Although the last year of my life has been guided by living my life “in pencil,” I understand more than ever that I haven’t even begun to live my life in accordance with the reality of my employment status. In some ways I’m living with one foot out the door, expecting, for no good reason, for my situation to change at any moment. It’s times like these that I realize I haven’t fully settled into the life I have, that I have a long way to go on my journey. I am reminded of Browning’s words of acceptance on her own path, which might be a good meditation for me:
One adventure is over; it is time for another
I have a different kind of work to do now
I am growing into a new season.
What circumstances in your own life do you struggle to accept?
Have you ever been met with a particularly difficult unemployment situation – voluntary or not?
How much is your own work linked to your identity?
Do you feel like you’re living your “Forever Situation?”
Check out Browning’s blog, Slow Love Life, here!








April 15th, 2010 at 6:10 am
Is what you’re searching for a version of “acceptance”? I applaud your efforts to try and identify your life for what it is, and to seek joy in the life you’ve got.
April 15th, 2010 at 7:41 am
I think one of the most important skills any human can posses is adaptation. To make a wild analogy, the Sioux Indians were pushed out of their nice little agrarian life in Minnesota and sent west. There they became some of the most fabulous horsemen and buffalo hunters the world has ever seen. “Fired” from their entire system of life, they adapted – brilliantly. What a great inspiration for the rest of us.
April 18th, 2010 at 1:44 pm
I am most happy not working a 9-5 job. Being comfortable about that in a group setting where, when asked, I can show little for my efforts – is another thing all together. For me, my struggle has been about becoming ok with the fact that my choices will always be questioned and judged by somebody or another.

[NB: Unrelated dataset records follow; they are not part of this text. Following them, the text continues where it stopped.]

(* Let $n\ge 3$ and let $M_n$ be the lattice consisting of $0$, $1$ and $n$ pairwise incomparable elements $a_1,\dots,a_n$ (with $0<a_i<1$ for all $i$). For each $i$ and any two distinct indices $j,k$ different from $i$, one has $\chi_{a_i}(x)=\big((x\wedge a_i)\vee a_j\big)\wedge\big((x\wedge a_i)\vee a_k\big)$ for all $x\in M_n$. Consequently $\mathsf{C}(M_n)=\mathsf{Pol}_{0,1}(M_n)$.
   Context: For $a\in L$, $\chi_a:L\to L$ is defined by $\chi_a(x)=1$ if $x\ge a$ and $x\ne0$, and $\chi_a(x)=0$ otherwise. An $n$-ary aggregation function on a bounded lattice $L$ ($n\ge1$) is a nondecreasing map $A:L^n\to L$ with $A(0,\dots,0)=0$, $A(1,\dots,1)=1$; $\mathsf{C}(L)$ is the set of all of them. Polynomials on $L$ are functions $L^n\to L$ built from projections and constants by finitely many pointwise joins and meets; $\mathsf{Pol}_{0,1}(L)$ is the set of polynomials preserving $0$ and $1$. *)

theory Defs
  imports Main
begin

text \<open>The lattice M_n: elements 0 (Bot), 1 (Top) and atoms a_1..a_n (At 1 .. At n).
  The meet/join below are defined on the whole datatype; the carrier of M_n is mn_carrier n.\<close>

datatype mn = Bot | Top | At nat

fun mmeet :: "mn \<Rightarrow> mn \<Rightarrow> mn" where
  "mmeet Bot y = Bot"
| "mmeet x Bot = Bot"
| "mmeet Top y = y"
| "mmeet x Top = x"
| "mmeet (At i) (At j) = (if i = j then At i else Bot)"

fun mjoin :: "mn \<Rightarrow> mn \<Rightarrow> mn" where
  "mjoin Top y = Top"
| "mjoin x Top = Top"
| "mjoin Bot y = y"
| "mjoin x Bot = x"
| "mjoin (At i) (At j) = (if i = j then At i else Top)"

definition mleq :: "mn \<Rightarrow> mn \<Rightarrow> bool" where
  "mleq x y \<longleftrightarrow> mmeet x y = x"

definition mn_carrier :: "nat \<Rightarrow> mn set" where
  "mn_carrier n = {Bot, Top} \<union> {At i | i. 1 \<le> i \<and> i \<le> n}"

definition chi :: "mn \<Rightarrow> mn \<Rightarrow> mn" where
  "chi a x = (if mleq a x \<and> x \<noteq> Bot then Top else Bot)"

definition tuples :: "nat \<Rightarrow> nat \<Rightarrow> mn list set" where
  "tuples n k = {xs. length xs = k \<and> set xs \<subseteq> mn_carrier n}"

definition tleq :: "mn list \<Rightarrow> mn list \<Rightarrow> bool" where
  "tleq xs ys \<longleftrightarrow> length xs = length ys \<and> (\<forall>i < length xs. mleq (xs ! i) (ys ! i))"

text \<open>k-ary aggregation functions on M_n (the set C(M_n) restricted to arity k).\<close>
definition aggregation :: "nat \<Rightarrow> nat \<Rightarrow> (mn list \<Rightarrow> mn) \<Rightarrow> bool" where
  "aggregation n k f \<longleftrightarrow>
     (\<forall>xs \<in> tuples n k. f xs \<in> mn_carrier n)
   \<and> (\<forall>xs \<in> tuples n k. \<forall>ys \<in> tuples n k. tleq xs ys \<longrightarrow> mleq (f xs) (f ys))
   \<and> f (replicate k Bot) = Bot \<and> f (replicate k Top) = Top"

inductive_set pol :: "nat \<Rightarrow> nat \<Rightarrow> (mn list \<Rightarrow> mn) set" for n k where
  proj: "i < k \<Longrightarrow> (\<lambda>xs. xs ! i) \<in> pol n k"
| const: "c \<in> mn_carrier n \<Longrightarrow> (\<lambda>xs. c) \<in> pol n k"
| join: "p \<in> pol n k \<Longrightarrow> q \<in> pol n k \<Longrightarrow> (\<lambda>xs. mjoin (p xs) (q xs)) \<in> pol n k"
| meet: "p \<in> pol n k \<Longrightarrow> q \<in> pol n k \<Longrightarrow> (\<lambda>xs. mmeet (p xs) (q xs)) \<in> pol n k"

definition pol01 :: "nat \<Rightarrow> nat \<Rightarrow> (mn list \<Rightarrow> mn) \<Rightarrow> bool" where
  "pol01 n k f \<longleftrightarrow>
     (\<exists>p \<in> pol n k. \<forall>xs \<in> tuples n k. f xs = p xs)
   \<and> f (replicate k Bot) = Bot \<and> f (replicate k Top) = Top"

end

theory Submission
  imports Defs
begin

text \<open>The identity for \<open>chi (At i)\<close> holds because \<open>x \<sqinter> a\<^sub>i\<close> is either \<open>0\<close> or \<open>a\<^sub>i\<close>, and
  \<open>(0 \<squnion> a\<^sub>j) \<sqinter> (0 \<squnion> a\<^sub>k) = 0\<close> while \<open>(a\<^sub>i \<squnion> a\<^sub>j) \<sqinter> (a\<^sub>i \<squnion> a\<^sub>k) = 1\<close>; with \<open>chi Top = chi a\<^sub>1 \<sqinter> chi a\<^sub>2\<close>
  every indicator of a principal filter \<open>\<up>b\<close> is therefore a polynomial. A monotone \<open>f\<close> on
  the finite lattice \<open>M\<^sub>n\<^sup>m\<close> is the join over all tuples \<open>a\<close> of \<open>f a \<sqinter> \<Sqinter>\<^sub>l [x\<^sub>l \<ge> a\<^sub>l]\<close>, hence a
  polynomial; conversely polynomials are monotone, so aggregation functions are exactly the
  polynomials preserving \<open>0\<close> and \<open>1\<close>.\<close>

lemma mleq_refl [simp]: "mleq x x"
  by (cases x) (auto simp: mleq_def)

lemma mleq_antisym: "mleq x y \<Longrightarrow> mleq y x \<Longrightarrow> x = y"
  by (cases x; cases y) (auto simp: mleq_def split: if_splits)

lemma mleq_trans: "mleq x y \<Longrightarrow> mleq y z \<Longrightarrow> mleq x z"
  by (cases x; cases y; cases z) (auto simp: mleq_def split: if_splits)

lemma mleq_Bot [simp]: "mleq Bot x"
  by (cases x) (auto simp: mleq_def)

lemma mjoin_least: "mleq x u \<Longrightarrow> mleq y u \<Longrightarrow> mleq (mjoin x y) u"
  by (cases x; cases y; cases u) (auto simp: mleq_def split: if_splits)

lemma mjoin_upper1: "mleq x (mjoin x y)"
  by (cases x; cases y) (auto simp: mleq_def)

lemma mjoin_upper2: "mleq y (mjoin x y)"
  by (cases x; cases y) (auto simp: mleq_def)

lemma mjoin_mono: "mleq a b \<Longrightarrow> mleq c d \<Longrightarrow> mleq (mjoin a c) (mjoin b d)"
  by (cases a; cases b; cases c; cases d) (auto simp: mleq_def split: if_splits)

lemma mmeet_mono: "mleq a b \<Longrightarrow> mleq c d \<Longrightarrow> mleq (mmeet a c) (mmeet b d)"
  by (cases a; cases b; cases c; cases d) (auto simp: mleq_def split: if_splits)

lemma mmeet_Top [simp]: "mmeet x Top = x"
  by (cases x) auto

lemma mmeet_Bot [simp]: "mmeet x Bot = Bot"
  by (cases x) auto

lemma tleq_refl [simp]: "tleq xs xs"
  by (simp add: tleq_def)

definition mJoin :: "mn list \<Rightarrow> mn" where
  "mJoin xs = foldr mjoin xs Bot"

definition mMeet :: "mn list \<Rightarrow> mn" where
  "mMeet xs = foldr mmeet xs Top"

lemma mJoin_least: "(\<And>x. x \<in> set xs \<Longrightarrow> mleq x u) \<Longrightarrow> mleq (mJoin xs) u"
  unfolding mJoin_def by (induction xs) (auto intro: mjoin_least)

lemma mJoin_upper: "x \<in> set xs \<Longrightarrow> mleq x (mJoin xs)"
  unfolding mJoin_def by (induction xs) (auto intro: mjoin_upper1 mleq_trans[OF _ mjoin_upper2])

lemma mJoin_eq_greatest:
  assumes "\<And>x. x \<in> set xs \<Longrightarrow> mleq x u" and "u \<in> set xs"
  shows "mJoin xs = u"
  using mJoin_least[OF assms(1)] mJoin_upper[OF assms(2)] by (rule mleq_antisym)

lemma mMeet_Top_Bot:
  assumes "set xs \<subseteq> {Top, Bot}"
  shows "mMeet xs = (if Bot \<in> set xs then Bot else Top)"
  using assms unfolding mMeet_def by (induction xs) auto

lemma Bot_in_carrier [simp]: "Bot \<in> mn_carrier n"
  and Top_in_carrier [simp]: "Top \<in> mn_carrier n"
  by (auto simp: mn_carrier_def)

lemma At_in_carrier_iff [simp]: "At i \<in> mn_carrier n \<longleftrightarrow> 1 \<le> i \<and> i \<le> n"
  by (auto simp: mn_carrier_def)

lemma mjoin_in_carrier: "x \<in> mn_carrier n \<Longrightarrow> y \<in> mn_carrier n \<Longrightarrow> mjoin x y \<in> mn_carrier n"
  by (cases x; cases y) simp_all

lemma mmeet_in_carrier: "x \<in> mn_carrier n \<Longrightarrow> y \<in> mn_carrier n \<Longrightarrow> mmeet x y \<in> mn_carrier n"
  by (cases x; cases y) simp_all

lemma finite_mn_carrier: "finite (mn_carrier n)"
proof -
  have "{At i |i. 1 \<le> i \<and> i \<le> n} = At ` {1..n}" by auto
  then show ?thesis unfolding mn_carrier_def by simp
qed

lemma finite_tuples: "finite (tuples n m)"
proof -
  have "tuples n m = {xs. set xs \<subseteq> mn_carrier n \<and> length xs = m}"
    unfolding tuples_def by auto
  then show ?thesis using finite_lists_length_eq[OF finite_mn_carrier] by simp
qed

definition pol_fun :: "nat \<Rightarrow> nat \<Rightarrow> (mn list \<Rightarrow> mn) \<Rightarrow> bool" where
  "pol_fun n m f \<longleftrightarrow> (\<exists>p \<in> pol n m. \<forall>xs \<in> tuples n m. f xs = p xs)"

lemma pol_fun_proj: "l < m \<Longrightarrow> pol_fun n m (\<lambda>xs. xs ! l)"
  unfolding pol_fun_def by (intro bexI[OF _ pol.proj]) auto

lemma pol_fun_const: "c \<in> mn_carrier n \<Longrightarrow> pol_fun n m (\<lambda>xs. c)"
  unfolding pol_fun_def by (intro bexI[OF _ pol.const]) auto

lemma pol_fun_join:
  assumes "pol_fun n m f" "pol_fun n m g"
  shows "pol_fun n m (\<lambda>xs. mjoin (f xs) (g xs))"
proof -
  from assms obtain p q where "p \<in> pol n m" "q \<in> pol n m"
    and "\<forall>xs \<in> tuples n m. f xs = p xs" "\<forall>xs \<in> tuples n m. g xs = q xs"
    unfolding pol_fun_def by blast
  then show ?thesis unfolding pol_fun_def by (intro bexI[OF _ pol.join[of p n m q]]) auto
qed

lemma pol_fun_meet:
  assumes "pol_fun n m f" "pol_fun n m g"
  shows "pol_fun n m (\<lambda>xs. mmeet (f xs) (g xs))"
proof -
  from assms obtain p q where "p \<in> pol n m" "q \<in> pol n m"
    and "\<forall>xs \<in> tuples n m. f xs = p xs" "\<forall>xs \<in> tuples n m. g xs = q xs"
    unfolding pol_fun_def by blast
  then show ?thesis unfolding pol_fun_def by (intro bexI[OF _ pol.meet[of p n m q]]) auto
qed

lemma pol_fun_cong:
  "pol_fun n m f \<Longrightarrow> (\<And>xs. xs \<in> tuples n m \<Longrightarrow> f xs = g xs) \<Longrightarrow> pol_fun n m g"
  unfolding pol_fun_def by auto

lemma pol_fun_mJoin:
  "(\<And>a. a \<in> set as \<Longrightarrow> pol_fun n m (F a)) \<Longrightarrow> pol_fun n m (\<lambda>xs. mJoin (map (\<lambda>a. F a xs) as))"
  unfolding mJoin_def by (induction as) (auto intro: pol_fun_const pol_fun_join)

lemma pol_fun_mMeet:
  "(\<And>a. a \<in> set as \<Longrightarrow> pol_fun n m (F a)) \<Longrightarrow> pol_fun n m (\<lambda>xs. mMeet (map (\<lambda>a. F a xs) as))"
  unfolding mMeet_def by (induction as) (auto intro: pol_fun_const pol_fun_meet)

lemma pol_in_carrier_mono:
  assumes "p \<in> pol n m"
  shows "\<forall>xs \<in> tuples n m. p xs \<in> mn_carrier n"
    and "\<forall>xs \<in> tuples n m. \<forall>ys \<in> tuples n m. tleq xs ys \<longrightarrow> mleq (p xs) (p ys)"
  using assms
  by (induction rule: pol.induct)
     (auto simp: tuples_def tleq_def mjoin_in_carrier mmeet_in_carrier mjoin_mono mmeet_mono)

lemma pol01_imp_aggregation: "pol01 n m f \<Longrightarrow> aggregation n m f"
  unfolding pol01_def aggregation_def using pol_in_carrier_mono by metis

lemma chi_At_eq:
  assumes "j \<noteq> i" "k \<noteq> i" "j \<noteq> k"
  shows "chi (At i) x = mmeet (mjoin (mmeet x (At i)) (At j)) (mjoin (mmeet x (At i)) (At k))"
  using assms by (cases x) (auto simp: chi_def mleq_def)

lemma chi_Top_eq: "chi Top x = mmeet (chi (At i) x) (chi (At j) x)" if "i \<noteq> j"
  using that by (cases x) (auto simp: chi_def mleq_def)

definition above :: "mn \<Rightarrow> mn \<Rightarrow> mn" where
  "above b x = (if mleq b x then Top else Bot)"

lemma above_eq_chi: "b \<noteq> Bot \<Longrightarrow> above b x = chi b x"
  by (cases b; cases x) (auto simp: above_def chi_def mleq_def)

lemma pol_fun_chi_At:
  assumes "n \<ge> 3" "1 \<le> i" "i \<le> n" "l < m"
  shows "pol_fun n m (\<lambda>xs. chi (At i) (xs ! l))"
proof -
  define j :: nat where "j = (if i = 1 then 2 else 1)"
  define k :: nat where "k = (if i = 3 then 2 else 3)"
  have "j \<noteq> i" "k \<noteq> i" "j \<noteq> k" "At j \<in> mn_carrier n" "At k \<in> mn_carrier n"
    using assms(1) unfolding j_def k_def by auto
  then show ?thesis
    using assms
    by (subst chi_At_eq[of j i k])
       (auto intro!: pol_fun_meet pol_fun_join pol_fun_proj pol_fun_const)
qed

lemma pol_fun_above:
  assumes "n \<ge> 3" "b \<in> mn_carrier n" "l < m"
  shows "pol_fun n m (\<lambda>xs. above b (xs ! l))"
proof (cases b)
  case Bot
  then show ?thesis by (simp add: above_def pol_fun_const)
next
  case Top
  then show ?thesis
    using assms pol_fun_chi_At[of n 1 l m] pol_fun_chi_At[of n 2 l m]
    by (simp add: above_eq_chi chi_Top_eq[of 1 2] pol_fun_meet)
next
  case (At i)
  then show ?thesis using assms by (simp add: above_eq_chi pol_fun_chi_At)
qed

definition minterm :: "mn list \<Rightarrow> mn list \<Rightarrow> mn" where
  "minterm a xs = mMeet (map (\<lambda>l. above (a ! l) (xs ! l)) [0..<length a])"

lemma minterm_eq: "length xs = length a \<Longrightarrow> minterm a xs = (if tleq a xs then Top else Bot)"
  unfolding minterm_def tleq_def by (subst mMeet_Top_Bot) (auto simp: above_def split: if_splits)

lemma pol_fun_minterm: "n \<ge> 3 \<Longrightarrow> a \<in> tuples n m \<Longrightarrow> pol_fun n m (minterm a)"
  unfolding minterm_def
  by (intro pol_fun_mMeet pol_fun_above) (auto simp: tuples_def)

lemma monotone_eq_mJoin_minterms:
  assumes mono: "\<And>a b. a \<in> tuples n m \<Longrightarrow> b \<in> tuples n m \<Longrightarrow> tleq a b \<Longrightarrow> mleq (f a) (f b)"
    and as: "set as = tuples n m" and xs: "xs \<in> tuples n m"
  shows "f xs = mJoin (map (\<lambda>a. mmeet (f a) (minterm a xs)) as)"
proof (rule sym, rule mJoin_eq_greatest)
  fix y assume "y \<in> set (map (\<lambda>a. mmeet (f a) (minterm a xs)) as)"
  then obtain a where a: "a \<in> tuples n m" and y: "y = mmeet (f a) (minterm a xs)"
    using as by auto
  have "length xs = length a" using a xs by (simp add: tuples_def)
  then show "mleq y (f xs)"
    using mono[OF a xs] by (simp add: y minterm_eq)
next
  show "f xs \<in> set (map (\<lambda>a. mmeet (f a) (minterm a xs)) as)"
    using as xs by (auto simp: minterm_eq intro!: image_eqI[of _ _ xs])
qed

lemma aggregation_imp_pol01:
  assumes "n \<ge> 3" and agg: "aggregation n m f"
  shows "pol01 n m f"
proof -
  obtain as where as: "set as = tuples n m"
    using finite_list[OF finite_tuples] by blast
  have "f a \<in> mn_carrier n" if "a \<in> tuples n m" for a
    using agg that by (simp add: aggregation_def)
  then have "pol_fun n m (\<lambda>xs. mJoin (map (\<lambda>a. mmeet (f a) (minterm a xs)) as))"
    using assms(1) as by (intro pol_fun_mJoin pol_fun_meet pol_fun_const pol_fun_minterm) auto
  moreover have "\<And>xs. xs \<in> tuples n m \<Longrightarrow> mJoin (map (\<lambda>a. mmeet (f a) (minterm a xs)) as) = f xs"
    using monotone_eq_mJoin_minterms[OF _ as] agg by (simp add: aggregation_def)
  ultimately have "pol_fun n m f" by (rule pol_fun_cong)
  then show ?thesis using agg by (simp add: pol01_def pol_fun_def aggregation_def)
qed

theorem mainTheorem9:
  fixes n :: nat
  assumes "n \<ge> 3"
  shows "(\<forall>i j k x. i \<in> {1..n} \<and> j \<in> {1..n} \<and> k \<in> {1..n} \<and> j \<noteq> i \<and> k \<noteq> i \<and> j \<noteq> k
            \<and> x \<in> mn_carrier n \<longrightarrow>
            chi (At i) x = mmeet (mjoin (mmeet x (At i)) (At j)) (mjoin (mmeet x (At i)) (At k)))
       \<and> (\<forall>m \<ge> 1. \<forall>f. aggregation n m f \<longleftrightarrow> pol01 n m f)"
  using chi_At_eq aggregation_imp_pol01[OF assms] pol01_imp_aggregation by blast

end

I don’t want to always feel less than when I am asked, “And what do you do?”.
April 19th, 2010 at 2:58 am
Isn’t it amazing how much our “work” defines us when the real “work”, the exquisitely important “work” is just living life?
Look forward to checking out Browning’s blog!
April 19th, 2010 at 7:00 pm
Forever scares me for a few reasons. First, if you want something to be forever, those are fairly high expectations and your chance of being disapointed looms large. And if your situation is something you DONT want to be forever, what if it is??? I work (sometime hard, sometimes not) at the moment an dnot forever. The moment seems manageable to me — at least emotionally.